Time is not a fluid concept for the Dutch, but rather something fixed. Therefore, being on time is very important to them.
When you have an appointment, please remember to be on time. If for any reason you cannot make it on time, you have to inform them, preferably in advance. ‘Dutchies’ also prefer that you arrange to meet them in advance, or else you might be turned away. Or, if you decide to spontaneously drop by, the Dutch person might be too polite to say, but could see this as being rude. You should also remember that many Dutch people work part-time, so you might find an empty office if you don’t make an appointment.

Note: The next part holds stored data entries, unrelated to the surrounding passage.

text \<open>The polynomial p(s) = g(s)/s (g(0) = 0), written out via the binomial expansion
  of g, so that it is also defined at s = 0.\<close>
definition pfun :: "nat \<Rightarrow> nat \<Rightarrow> real \<Rightarrow> real" where
  "pfun n d s = (\<Sum>i=1..d-1. real ((d - 1) choose i) * (real n + 1) ^ i
                    * (-1) ^ (d - 1 - i) * s ^ (i - 1))"

definition sstar :: "nat \<Rightarrow> nat \<Rightarrow> real" where
  "sstar n d = (THE t. 1 / real n \<le> t \<and> t < 2 / (real n + 1)
      \<and> strict_antimono_on {0..t} (pfun n d) \<and> strict_mono_on {t..} (pfun n d))"

text \<open>Points s = (s_1,...,s_{n-1}) are represented as functions nat => real, only the
  values at 1..n-1 matter.\<close>
definition hcomp :: "nat \<Rightarrow> nat \<Rightarrow> (nat \<Rightarrow> real) \<Rightarrow> nat \<Rightarrow> real" where
  "hcomp n d s k = s k * (gfun n d (1 - (\<Sum>j=1..n-1. s j)) + (\<Sum>j=1..n-1. gfun n d (s j)))
                   - gfun n d (s k)"

definition hzero :: "nat \<Rightarrow> nat \<Rightarrow> (nat \<Rightarrow> real) \<Rightarrow> bool" where
  "hzero n d s \<longleftrightarrow> (\<forall>k\<in>{1..n-1}. hcomp n d s k = 0)"

definition sext :: "nat \<Rightarrow> (nat \<Rightarrow> real) \<Rightarrow> nat \<Rightarrow> real" where
  "sext n s k = (if k = n then 1 - (\<Sum>j=1..n-1. s j) else s k)"

definition in_simplex :: "nat \<Rightarrow> (nat \<Rightarrow> real) \<Rightarrow> bool" where
  "in_simplex n s \<longleftrightarrow> (\<forall>k\<in>{1..n-1}. 0 \<le> s k) \<and> (\<Sum>k=1..n-1. s k) \<le> 1"

definition uniform_on :: "nat \<Rightarrow> (nat \<Rightarrow> real) \<Rightarrow> nat set \<Rightarrow> bool" where
  "uniform_on n s K \<longleftrightarrow> (\<forall>k\<in>K. sext n s k = 1 / real (card K))
      \<and> (\<forall>k\<in>{1..n} - K. sext n s k = 0)"

end

theory Submission
  imports Defs
begin

text \<open>Since \<open>g(s) = s p(s)\<close> and the extended coordinates \<open>s\<^sub>1, ..., s\<^sub>n\<close> sum to 1,
  \<open>h(s) = 0\<close> holds iff \<open>s\<^sub>k G = g(s\<^sub>k)\<close> for all \<open>k \<le> n\<close>, where \<open>G = \<Sum>\<^sub>j g(s\<^sub>j)\<close>;
  equivalently, \<open>p\<close> takes a single value on the nonzero coordinates.
  With \<open>e = d - 1\<close> one has \<open>s\<^sup>2 p'(s) = N\<^sub>e((n+1)s - 1)\<close> for
  \<open>N\<^sub>e(x) = (e-1)x\<^sup>e + e x\<^sup>e\<^sup>-\<^sup>1 + (-1)\<^sup>e\<close>, which vanishes at \<open>-1\<close> and has derivative
  \<open>e(e-1)x\<^sup>e\<^sup>-\<^sup>2(x+1)\<close>. For even \<open>e\<close> it is positive on \<open>(-1,\<infinity>)\<close>, so \<open>p\<close> is injective on
  \<open>[0,\<infinity>)\<close> and all nonzero coordinates agree. For odd \<open>e \<ge> 3\<close> it changes sign once, at some
  \<open>x\<^sub>0 \<in> [1/2, 1)\<close>, so \<open>p\<close> falls and then rises with turning point \<open>s\<^sup>* = (x\<^sub>0+1)/(n+1)\<close>;
  nonzero coordinates on the same side of \<open>s\<^sup>*\<close> agree, which yields the two-level zeros.\<close>

lemma gfun_eq_mult_pfun: "gfun n d s = s * pfun n d s"
proof -
  define c where "c = real n + 1"
  define e where "e = d - 1"
  have "gfun n d s = (c*s + (-1))^e - (-1)^e" by (simp add: gfun_def c_def e_def)
  also have "(c*s + (-1))^e = (\<Sum>k\<le>e. of_nat (e choose k) * (c*s)^k * (-1)^(e-k))"
    by (rule binomial_ring)
  also have "\<dots> = (\<Sum>k\<in>{0..e}. of_nat (e choose k) * (c*s)^k * (-1)^(e-k))"
    by (simp add: atMost_atLeast0)
  also have "\<dots> = (-1)^e + (\<Sum>k\<in>{1..e}. of_nat (e choose k) * (c*s)^k * (-1)^(e-k))"
    by (subst sum.atLeast_Suc_atMost) auto
  also have "(\<Sum>k\<in>{1..e}. of_nat (e choose k) * (c*s)^k * (-1)^(e-k)) = s * pfun n d s"
    unfolding pfun_def sum_distrib_left c_def[symmetric] e_def[symmetric]
  proof (rule sum.cong)
    fix k assume "k \<in> {1..e}"
    then have "s^k = s * s^(k-1)" by (cases k) auto
    then show "of_nat (e choose k) * (c*s)^k * (-1)^(e-k)
        = s * (real (e choose k) * c ^ k * (- 1) ^ (e - k) * s ^ (k - 1))"
      by (simp add: power_mult_distrib)
  qed simp
  finally show ?thesis by simp
qed

lemma continuous_on_pfun: "continuous_on A (pfun n d)"
  unfolding pfun_def by (intro continuous_intros)

definition deriv_numerator :: "nat \<Rightarrow> real \<Rightarrow> real" where
  "deriv_numerator e x = (real e - 1) * x^e + real e * x^(e-1) + (-1)^e"

lemma has_real_derivative_pfun:
  assumes "s > 0" "d \<ge> 2"
  shows "(pfun n d has_real_derivative
           deriv_numerator (d-1) ((real n + 1) * s - 1) / s^2) (at s)"
proof -
  define c where "c = real n + 1"
  define e where "e = d - 1"
  define x where "x = c*s - 1"
  have "(gfun n d has_real_derivative real e * x^(e-1) * c) (at s)"
    unfolding gfun_def c_def[symmetric] e_def[symmetric] x_def
    by (auto intro!: derivative_eq_intros)
  then have quotient: "((\<lambda>y. gfun n d y / y) has_real_derivative
      (real e * x^(e-1) * c * s - gfun n d s) / s^2) (at s)"
    using DERIV_quotient[OF _ DERIV_ident] assms(1) by (force simp: power2_eq_square)
  have "x^e = x * x^(e-1)" using assms(2) by (cases e) (auto simp: e_def)
  moreover have "gfun n d s = x^e - (-1)^e" by (simp add: gfun_def x_def c_def e_def)
  ultimately have "real e * x^(e-1) * c * s - gfun n d s
      = real e * x^(e-1) * (x + 1) - (x * x^(e-1) - (-1)^e)"
    by (simp add: x_def mult.assoc)
  then have "real e * x^(e-1) * c * s - gfun n d s = deriv_numerator e x"
    unfolding deriv_numerator_def \<open>x^e = x * x^(e-1)\<close> by (simp add: algebra_simps)
  then have "((\<lambda>y. gfun n d y / y) has_real_derivative
      deriv_numerator (d-1) ((real n + 1) * s - 1) / s^2) (at s)"
    using quotient by (simp add: x_def c_def e_def)
  then show ?thesis
  proof (rule has_field_derivative_transform_within_open[where S = "{0<..}"])
    fix y :: real assume "y \<in> {0<..}"
    then show "gfun n d y / y = pfun n d y" by (simp add: gfun_eq_mult_pfun)
  qed (use assms in auto)
qed

lemma has_real_derivative_deriv_numerator:
  assumes "e \<ge> 2"
  shows "(deriv_numerator e has_real_derivative
           real e * (real e - 1) * x^(e-2) * (x+1)) (at x)"
proof -
  have "(deriv_numerator e has_real_derivative
          (real e - 1) * (real e * x^(e-1)) + real e * (real (e-1) * x^(e-1-1))) (at x)"
    unfolding deriv_numerator_def by (rule derivative_eq_intros refl)+ simp
  moreover have "e - 1 = Suc (e - 2)" using assms by simp
  ultimately show ?thesis using assms by (simp add: algebra_simps numeral_2_eq_2)
qed

lemma continuous_on_deriv_numerator: "continuous_on A (deriv_numerator e)"
  unfolding deriv_numerator_def by (intro continuous_intros)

These are some things to keep in mind when trying to meet up with Dutch people. And don’t get upset if you can’t get an appointment at short notice, some Dutch often plan months ahead!
Family is very important to the Dutch. That’s why they often go straight home to their families after work.
In general, the Dutch are not used to taking their work home. Home is reserved for family, and when off the clock, they do not want to be disturbed by work. So if you want to talk about work, appointments should be made during office hours.
On the whole, Dutch people are not used to inviting strangers into their homes. So if you are invited to visit a Dutch family, see this as a compliment!
Dutch culture is very open and tolerant. For example, it is very normal for Dutch couples to live together before getting married, or even to just live as partners and never get married. Moreover, gay and lesbian couples are officially recognised and have the right to marry and adopt children.
Students are stimulated to be active in class - they are free, or even encouraged, to pose questions and to start a discussion with the teacher. Both teachers and students dress very casually . In the summer, you often see students or even teachers wearing shorts at school. Don’t be surprised to see teachers sitting on the desk whilst giving their lectures either.
In general, Dutch people are friendly, but at the same time they can be very straightforward and frank, some people would even say blunt. This could give some people the feeling of losing face, which is especially the case for Asian cultures. Please remember that it is not done on purpose or to hurt people, but it is rather a form of honesty and truthfulness, which is very strongly rooted in Dutch culture.